ENTRIES PROVIDED Start Marker
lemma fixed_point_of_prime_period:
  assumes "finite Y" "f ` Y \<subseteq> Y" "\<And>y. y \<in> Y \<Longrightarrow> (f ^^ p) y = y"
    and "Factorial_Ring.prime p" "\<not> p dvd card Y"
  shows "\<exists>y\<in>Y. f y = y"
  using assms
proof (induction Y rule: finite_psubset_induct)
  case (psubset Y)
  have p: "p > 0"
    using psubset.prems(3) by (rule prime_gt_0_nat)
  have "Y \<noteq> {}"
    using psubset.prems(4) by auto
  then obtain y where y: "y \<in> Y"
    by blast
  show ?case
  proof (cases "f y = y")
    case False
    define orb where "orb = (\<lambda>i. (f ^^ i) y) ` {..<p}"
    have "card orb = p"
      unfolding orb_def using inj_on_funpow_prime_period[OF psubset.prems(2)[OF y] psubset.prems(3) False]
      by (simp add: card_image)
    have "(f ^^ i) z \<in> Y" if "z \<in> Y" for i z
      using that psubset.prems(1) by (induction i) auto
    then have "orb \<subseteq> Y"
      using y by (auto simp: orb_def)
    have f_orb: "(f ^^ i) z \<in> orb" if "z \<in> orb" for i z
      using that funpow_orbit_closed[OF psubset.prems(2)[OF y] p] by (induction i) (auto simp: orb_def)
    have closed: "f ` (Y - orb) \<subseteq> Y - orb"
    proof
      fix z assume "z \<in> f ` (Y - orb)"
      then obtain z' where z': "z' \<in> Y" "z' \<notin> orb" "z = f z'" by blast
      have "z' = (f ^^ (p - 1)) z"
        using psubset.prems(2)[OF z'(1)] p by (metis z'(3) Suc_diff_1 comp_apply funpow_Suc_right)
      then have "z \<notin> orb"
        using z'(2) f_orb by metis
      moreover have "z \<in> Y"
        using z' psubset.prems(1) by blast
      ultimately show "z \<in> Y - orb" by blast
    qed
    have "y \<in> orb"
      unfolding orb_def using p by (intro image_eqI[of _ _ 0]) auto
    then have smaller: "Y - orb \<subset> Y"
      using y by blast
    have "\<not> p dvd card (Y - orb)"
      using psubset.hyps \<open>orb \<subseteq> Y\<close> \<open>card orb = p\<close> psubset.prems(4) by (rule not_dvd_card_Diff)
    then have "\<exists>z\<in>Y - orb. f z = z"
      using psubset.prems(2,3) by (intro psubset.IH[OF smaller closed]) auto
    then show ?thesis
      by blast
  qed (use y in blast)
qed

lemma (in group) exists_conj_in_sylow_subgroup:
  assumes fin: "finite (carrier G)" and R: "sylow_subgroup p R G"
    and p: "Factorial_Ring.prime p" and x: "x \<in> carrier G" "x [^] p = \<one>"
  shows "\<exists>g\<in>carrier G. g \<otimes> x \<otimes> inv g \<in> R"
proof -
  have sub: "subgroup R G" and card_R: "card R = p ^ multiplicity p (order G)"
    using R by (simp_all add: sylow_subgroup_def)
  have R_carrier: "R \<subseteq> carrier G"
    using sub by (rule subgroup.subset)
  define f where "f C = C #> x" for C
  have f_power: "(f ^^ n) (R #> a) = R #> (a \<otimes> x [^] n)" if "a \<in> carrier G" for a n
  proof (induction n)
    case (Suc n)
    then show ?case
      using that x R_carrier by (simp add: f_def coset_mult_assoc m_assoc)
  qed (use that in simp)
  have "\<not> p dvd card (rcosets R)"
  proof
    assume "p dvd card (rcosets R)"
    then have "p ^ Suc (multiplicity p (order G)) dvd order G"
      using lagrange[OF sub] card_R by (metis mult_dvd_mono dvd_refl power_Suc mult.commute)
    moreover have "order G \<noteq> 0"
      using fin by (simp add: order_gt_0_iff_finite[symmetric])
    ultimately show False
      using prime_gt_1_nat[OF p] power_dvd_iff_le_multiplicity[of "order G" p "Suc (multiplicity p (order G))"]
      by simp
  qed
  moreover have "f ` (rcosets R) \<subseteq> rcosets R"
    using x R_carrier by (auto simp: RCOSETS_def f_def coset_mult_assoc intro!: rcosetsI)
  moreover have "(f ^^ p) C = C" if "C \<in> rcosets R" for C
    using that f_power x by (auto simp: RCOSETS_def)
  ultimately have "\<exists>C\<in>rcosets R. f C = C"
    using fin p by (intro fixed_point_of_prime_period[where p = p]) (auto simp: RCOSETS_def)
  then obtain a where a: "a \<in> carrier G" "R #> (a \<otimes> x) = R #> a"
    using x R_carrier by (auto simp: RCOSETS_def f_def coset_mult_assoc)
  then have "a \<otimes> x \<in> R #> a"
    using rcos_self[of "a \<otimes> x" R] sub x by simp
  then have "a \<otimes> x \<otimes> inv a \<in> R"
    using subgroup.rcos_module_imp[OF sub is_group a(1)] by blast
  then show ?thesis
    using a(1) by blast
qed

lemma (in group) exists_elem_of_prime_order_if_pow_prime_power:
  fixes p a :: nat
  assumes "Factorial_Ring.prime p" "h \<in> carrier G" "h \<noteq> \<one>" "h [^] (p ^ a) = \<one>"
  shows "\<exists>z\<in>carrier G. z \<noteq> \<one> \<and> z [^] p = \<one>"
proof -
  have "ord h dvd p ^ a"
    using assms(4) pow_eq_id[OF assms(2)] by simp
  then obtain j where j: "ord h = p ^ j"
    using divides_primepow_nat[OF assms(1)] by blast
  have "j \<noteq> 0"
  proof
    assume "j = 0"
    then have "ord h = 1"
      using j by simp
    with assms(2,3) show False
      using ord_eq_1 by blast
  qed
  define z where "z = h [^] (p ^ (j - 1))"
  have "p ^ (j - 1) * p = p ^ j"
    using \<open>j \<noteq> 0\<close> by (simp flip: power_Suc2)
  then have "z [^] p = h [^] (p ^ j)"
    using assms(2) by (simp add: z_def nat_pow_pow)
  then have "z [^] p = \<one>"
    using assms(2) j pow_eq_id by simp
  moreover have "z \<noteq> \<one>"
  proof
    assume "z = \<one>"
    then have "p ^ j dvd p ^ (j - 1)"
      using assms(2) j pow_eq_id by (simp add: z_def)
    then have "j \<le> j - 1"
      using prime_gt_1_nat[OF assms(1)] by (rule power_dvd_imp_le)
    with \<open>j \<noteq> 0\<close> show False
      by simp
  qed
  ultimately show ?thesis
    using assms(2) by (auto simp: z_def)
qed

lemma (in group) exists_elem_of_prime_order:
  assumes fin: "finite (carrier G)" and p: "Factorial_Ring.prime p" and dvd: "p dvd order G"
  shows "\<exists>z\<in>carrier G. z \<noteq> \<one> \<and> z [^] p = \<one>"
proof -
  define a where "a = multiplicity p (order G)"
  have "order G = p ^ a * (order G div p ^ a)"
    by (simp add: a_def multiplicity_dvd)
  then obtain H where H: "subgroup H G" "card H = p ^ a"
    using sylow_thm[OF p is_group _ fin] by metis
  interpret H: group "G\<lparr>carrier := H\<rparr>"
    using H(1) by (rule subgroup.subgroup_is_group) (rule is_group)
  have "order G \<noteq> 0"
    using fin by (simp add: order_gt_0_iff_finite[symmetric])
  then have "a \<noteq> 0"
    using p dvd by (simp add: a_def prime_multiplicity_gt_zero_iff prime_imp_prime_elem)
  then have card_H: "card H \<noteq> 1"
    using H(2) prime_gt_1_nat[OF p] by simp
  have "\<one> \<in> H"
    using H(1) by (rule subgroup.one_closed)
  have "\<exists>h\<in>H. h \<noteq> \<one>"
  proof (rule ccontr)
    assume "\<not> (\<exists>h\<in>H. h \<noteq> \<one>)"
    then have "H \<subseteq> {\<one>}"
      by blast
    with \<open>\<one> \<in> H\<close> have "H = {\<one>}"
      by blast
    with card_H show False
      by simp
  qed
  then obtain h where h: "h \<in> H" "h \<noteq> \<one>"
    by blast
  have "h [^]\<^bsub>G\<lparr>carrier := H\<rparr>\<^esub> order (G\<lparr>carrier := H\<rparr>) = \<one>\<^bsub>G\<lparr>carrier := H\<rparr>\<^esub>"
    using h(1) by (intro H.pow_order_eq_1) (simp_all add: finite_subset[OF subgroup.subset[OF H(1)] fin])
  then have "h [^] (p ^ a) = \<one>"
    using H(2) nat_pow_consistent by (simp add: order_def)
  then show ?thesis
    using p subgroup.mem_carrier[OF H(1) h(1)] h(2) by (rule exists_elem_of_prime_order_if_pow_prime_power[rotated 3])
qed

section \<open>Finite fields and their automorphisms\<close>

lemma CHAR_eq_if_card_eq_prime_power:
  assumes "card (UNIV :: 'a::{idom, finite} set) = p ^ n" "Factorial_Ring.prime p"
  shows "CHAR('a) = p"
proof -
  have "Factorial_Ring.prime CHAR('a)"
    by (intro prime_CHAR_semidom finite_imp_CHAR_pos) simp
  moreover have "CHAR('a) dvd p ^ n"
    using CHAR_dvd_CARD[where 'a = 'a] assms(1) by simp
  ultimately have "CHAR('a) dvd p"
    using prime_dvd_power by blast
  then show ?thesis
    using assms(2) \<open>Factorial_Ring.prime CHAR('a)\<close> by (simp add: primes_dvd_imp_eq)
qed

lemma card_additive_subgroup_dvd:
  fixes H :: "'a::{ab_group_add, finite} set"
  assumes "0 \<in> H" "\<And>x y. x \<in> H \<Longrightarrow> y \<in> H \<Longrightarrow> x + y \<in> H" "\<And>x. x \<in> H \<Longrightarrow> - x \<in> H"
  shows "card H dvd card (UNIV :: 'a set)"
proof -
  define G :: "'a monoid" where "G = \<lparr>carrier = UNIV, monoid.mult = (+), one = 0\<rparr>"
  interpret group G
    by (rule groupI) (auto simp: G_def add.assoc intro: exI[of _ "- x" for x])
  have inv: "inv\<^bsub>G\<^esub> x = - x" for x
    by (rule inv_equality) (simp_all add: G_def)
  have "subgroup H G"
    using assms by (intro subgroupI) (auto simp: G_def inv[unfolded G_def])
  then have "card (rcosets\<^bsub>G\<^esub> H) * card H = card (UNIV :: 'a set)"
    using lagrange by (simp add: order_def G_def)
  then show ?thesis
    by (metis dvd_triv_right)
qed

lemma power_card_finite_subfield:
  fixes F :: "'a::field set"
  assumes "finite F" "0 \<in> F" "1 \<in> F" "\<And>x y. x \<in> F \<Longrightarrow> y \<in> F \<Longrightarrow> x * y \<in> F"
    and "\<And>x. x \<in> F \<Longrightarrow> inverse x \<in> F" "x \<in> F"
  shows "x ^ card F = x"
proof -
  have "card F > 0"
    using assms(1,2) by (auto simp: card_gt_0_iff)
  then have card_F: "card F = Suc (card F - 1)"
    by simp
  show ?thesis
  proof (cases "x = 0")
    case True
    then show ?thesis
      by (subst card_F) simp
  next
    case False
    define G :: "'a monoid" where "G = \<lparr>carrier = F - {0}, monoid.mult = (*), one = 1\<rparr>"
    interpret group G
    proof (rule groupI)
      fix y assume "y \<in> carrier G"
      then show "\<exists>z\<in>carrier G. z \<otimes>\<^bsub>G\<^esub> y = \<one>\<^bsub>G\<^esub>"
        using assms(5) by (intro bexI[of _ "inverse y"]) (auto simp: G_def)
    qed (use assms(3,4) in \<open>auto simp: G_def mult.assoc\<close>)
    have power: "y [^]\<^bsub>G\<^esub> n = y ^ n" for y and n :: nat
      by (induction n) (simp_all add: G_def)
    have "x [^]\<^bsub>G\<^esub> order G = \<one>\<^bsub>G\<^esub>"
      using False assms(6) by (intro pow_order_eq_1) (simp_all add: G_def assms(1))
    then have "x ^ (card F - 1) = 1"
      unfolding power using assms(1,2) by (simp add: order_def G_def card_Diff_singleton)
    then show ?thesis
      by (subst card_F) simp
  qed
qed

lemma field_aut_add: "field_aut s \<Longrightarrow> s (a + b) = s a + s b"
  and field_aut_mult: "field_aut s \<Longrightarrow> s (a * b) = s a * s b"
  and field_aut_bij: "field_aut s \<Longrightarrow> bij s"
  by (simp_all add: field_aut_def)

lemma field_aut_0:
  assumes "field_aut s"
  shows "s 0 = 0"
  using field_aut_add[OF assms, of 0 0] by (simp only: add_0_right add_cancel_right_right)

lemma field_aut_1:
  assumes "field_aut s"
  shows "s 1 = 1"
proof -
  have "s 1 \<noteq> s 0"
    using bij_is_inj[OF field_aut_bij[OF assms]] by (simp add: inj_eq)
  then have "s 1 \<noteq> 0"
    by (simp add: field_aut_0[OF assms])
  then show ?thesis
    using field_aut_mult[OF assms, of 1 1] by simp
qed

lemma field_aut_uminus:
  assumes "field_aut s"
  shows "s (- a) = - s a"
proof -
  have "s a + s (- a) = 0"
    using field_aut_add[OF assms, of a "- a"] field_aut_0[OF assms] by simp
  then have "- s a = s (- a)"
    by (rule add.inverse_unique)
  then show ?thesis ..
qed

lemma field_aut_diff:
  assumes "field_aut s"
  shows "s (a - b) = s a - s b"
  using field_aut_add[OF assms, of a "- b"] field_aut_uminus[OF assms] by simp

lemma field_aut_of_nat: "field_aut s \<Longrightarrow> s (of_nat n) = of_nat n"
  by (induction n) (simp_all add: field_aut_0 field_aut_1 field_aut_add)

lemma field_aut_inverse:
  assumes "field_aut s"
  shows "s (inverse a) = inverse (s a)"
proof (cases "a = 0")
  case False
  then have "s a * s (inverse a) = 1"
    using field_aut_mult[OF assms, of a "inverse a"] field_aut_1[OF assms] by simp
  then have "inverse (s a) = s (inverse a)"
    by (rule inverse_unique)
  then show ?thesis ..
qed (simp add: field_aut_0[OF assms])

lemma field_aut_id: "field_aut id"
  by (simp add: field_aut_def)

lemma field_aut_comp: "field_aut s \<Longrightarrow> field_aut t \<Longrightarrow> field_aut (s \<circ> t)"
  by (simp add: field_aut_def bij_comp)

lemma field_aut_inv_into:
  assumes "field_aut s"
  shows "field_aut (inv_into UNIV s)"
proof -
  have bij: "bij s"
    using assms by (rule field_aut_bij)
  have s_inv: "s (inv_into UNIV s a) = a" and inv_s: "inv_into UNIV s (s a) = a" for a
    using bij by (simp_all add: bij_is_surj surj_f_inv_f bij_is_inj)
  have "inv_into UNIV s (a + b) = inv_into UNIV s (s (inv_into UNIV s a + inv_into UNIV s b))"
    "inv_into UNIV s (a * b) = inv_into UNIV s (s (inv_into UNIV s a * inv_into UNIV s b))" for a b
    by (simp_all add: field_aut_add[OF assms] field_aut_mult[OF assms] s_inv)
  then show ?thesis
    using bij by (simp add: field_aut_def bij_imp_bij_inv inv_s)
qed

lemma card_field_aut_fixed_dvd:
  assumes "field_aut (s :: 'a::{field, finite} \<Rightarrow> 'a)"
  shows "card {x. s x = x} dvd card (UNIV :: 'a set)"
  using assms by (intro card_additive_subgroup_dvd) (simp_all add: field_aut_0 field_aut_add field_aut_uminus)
ENTRIES PROVIDED End Marker
ENTRIES PROVIDED Start Marker
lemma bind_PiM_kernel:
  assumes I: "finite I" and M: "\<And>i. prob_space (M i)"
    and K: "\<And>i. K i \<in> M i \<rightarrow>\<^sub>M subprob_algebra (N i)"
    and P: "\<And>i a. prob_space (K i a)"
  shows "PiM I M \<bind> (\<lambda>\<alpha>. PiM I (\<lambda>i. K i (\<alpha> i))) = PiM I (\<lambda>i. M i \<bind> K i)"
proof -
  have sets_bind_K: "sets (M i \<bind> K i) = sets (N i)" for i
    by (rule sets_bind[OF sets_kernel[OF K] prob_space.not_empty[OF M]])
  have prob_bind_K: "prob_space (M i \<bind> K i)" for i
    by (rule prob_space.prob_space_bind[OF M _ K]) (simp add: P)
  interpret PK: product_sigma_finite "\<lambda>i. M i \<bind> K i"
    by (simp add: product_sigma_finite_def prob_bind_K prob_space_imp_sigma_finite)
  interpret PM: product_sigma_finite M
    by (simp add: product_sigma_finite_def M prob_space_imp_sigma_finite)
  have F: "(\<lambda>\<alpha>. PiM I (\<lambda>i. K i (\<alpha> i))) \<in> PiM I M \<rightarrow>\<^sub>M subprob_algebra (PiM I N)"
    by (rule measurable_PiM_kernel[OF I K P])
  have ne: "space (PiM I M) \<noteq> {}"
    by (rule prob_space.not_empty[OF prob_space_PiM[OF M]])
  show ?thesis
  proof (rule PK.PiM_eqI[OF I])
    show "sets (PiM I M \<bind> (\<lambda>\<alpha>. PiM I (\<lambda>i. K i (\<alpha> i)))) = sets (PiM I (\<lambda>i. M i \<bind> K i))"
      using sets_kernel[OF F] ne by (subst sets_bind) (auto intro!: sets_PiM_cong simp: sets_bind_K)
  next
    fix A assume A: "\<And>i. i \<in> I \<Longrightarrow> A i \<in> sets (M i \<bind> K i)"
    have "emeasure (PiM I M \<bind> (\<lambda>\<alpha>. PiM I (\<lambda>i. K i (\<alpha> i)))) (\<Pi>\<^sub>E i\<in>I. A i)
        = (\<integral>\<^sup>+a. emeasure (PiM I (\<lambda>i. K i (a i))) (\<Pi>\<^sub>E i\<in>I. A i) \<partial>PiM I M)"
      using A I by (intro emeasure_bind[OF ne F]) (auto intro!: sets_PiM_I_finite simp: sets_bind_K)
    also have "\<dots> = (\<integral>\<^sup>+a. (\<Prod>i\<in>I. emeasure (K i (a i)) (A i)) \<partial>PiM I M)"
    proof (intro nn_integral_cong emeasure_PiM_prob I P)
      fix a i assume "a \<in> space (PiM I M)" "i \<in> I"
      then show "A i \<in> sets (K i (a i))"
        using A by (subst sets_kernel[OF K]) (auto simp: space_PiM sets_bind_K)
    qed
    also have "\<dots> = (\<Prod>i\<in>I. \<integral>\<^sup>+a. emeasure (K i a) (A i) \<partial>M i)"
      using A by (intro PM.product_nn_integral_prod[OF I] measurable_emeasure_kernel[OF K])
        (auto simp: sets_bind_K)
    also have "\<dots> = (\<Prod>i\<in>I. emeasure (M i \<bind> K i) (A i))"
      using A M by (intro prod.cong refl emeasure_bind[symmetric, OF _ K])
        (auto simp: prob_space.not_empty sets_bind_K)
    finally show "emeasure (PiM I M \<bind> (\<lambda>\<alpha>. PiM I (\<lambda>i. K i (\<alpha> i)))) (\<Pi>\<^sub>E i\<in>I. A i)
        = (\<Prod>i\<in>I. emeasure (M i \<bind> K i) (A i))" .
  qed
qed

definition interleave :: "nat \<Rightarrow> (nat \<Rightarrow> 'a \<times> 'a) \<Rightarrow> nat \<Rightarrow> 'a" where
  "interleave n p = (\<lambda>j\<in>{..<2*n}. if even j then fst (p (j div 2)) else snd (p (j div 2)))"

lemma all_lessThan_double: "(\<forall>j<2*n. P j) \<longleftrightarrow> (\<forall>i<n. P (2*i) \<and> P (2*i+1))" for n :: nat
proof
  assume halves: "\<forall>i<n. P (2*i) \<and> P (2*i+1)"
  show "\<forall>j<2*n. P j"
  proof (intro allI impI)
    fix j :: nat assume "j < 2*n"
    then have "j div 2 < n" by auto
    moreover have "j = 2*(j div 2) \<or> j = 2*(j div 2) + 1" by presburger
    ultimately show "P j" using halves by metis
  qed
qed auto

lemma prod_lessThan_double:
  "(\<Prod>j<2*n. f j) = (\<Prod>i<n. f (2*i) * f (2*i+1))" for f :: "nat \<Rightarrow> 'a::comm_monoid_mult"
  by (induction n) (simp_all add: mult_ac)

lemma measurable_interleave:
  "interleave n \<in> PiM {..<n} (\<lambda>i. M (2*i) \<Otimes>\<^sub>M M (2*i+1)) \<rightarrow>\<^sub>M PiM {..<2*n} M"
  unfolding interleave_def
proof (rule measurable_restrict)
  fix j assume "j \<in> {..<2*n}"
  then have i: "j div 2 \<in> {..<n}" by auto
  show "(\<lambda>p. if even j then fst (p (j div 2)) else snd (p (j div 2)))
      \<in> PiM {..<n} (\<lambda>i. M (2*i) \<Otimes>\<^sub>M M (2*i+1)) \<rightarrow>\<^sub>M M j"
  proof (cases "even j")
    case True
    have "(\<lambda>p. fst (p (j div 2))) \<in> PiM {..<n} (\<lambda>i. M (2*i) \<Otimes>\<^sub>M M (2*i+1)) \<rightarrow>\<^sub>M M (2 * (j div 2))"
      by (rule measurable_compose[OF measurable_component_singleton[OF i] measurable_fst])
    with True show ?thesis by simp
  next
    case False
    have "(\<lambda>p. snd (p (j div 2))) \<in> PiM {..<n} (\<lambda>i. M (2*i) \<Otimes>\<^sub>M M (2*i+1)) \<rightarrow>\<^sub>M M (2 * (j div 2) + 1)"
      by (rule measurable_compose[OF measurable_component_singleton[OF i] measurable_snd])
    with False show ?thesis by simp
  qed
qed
ENTRIES PROVIDED End Marker
WHAT TO DO = What lines above contain the word "False"? Please copy each one.

RESULT OF THIS EXERCISE =
    case False
      unfolding orb_def using inj_on_funpow_prime_period[OF psubset.prems(2)[OF y] psubset.prems(3) False]
    ultimately show False
    with assms(2,3) show False
    with \<open>j \<noteq> 0\<close> show False
    with card_H show False
    case False
      using False assms(6) by (intro pow_order_eq_1) (simp_all add: G_def assms(1))
  case False
    case False
    with False show ?thesis by simp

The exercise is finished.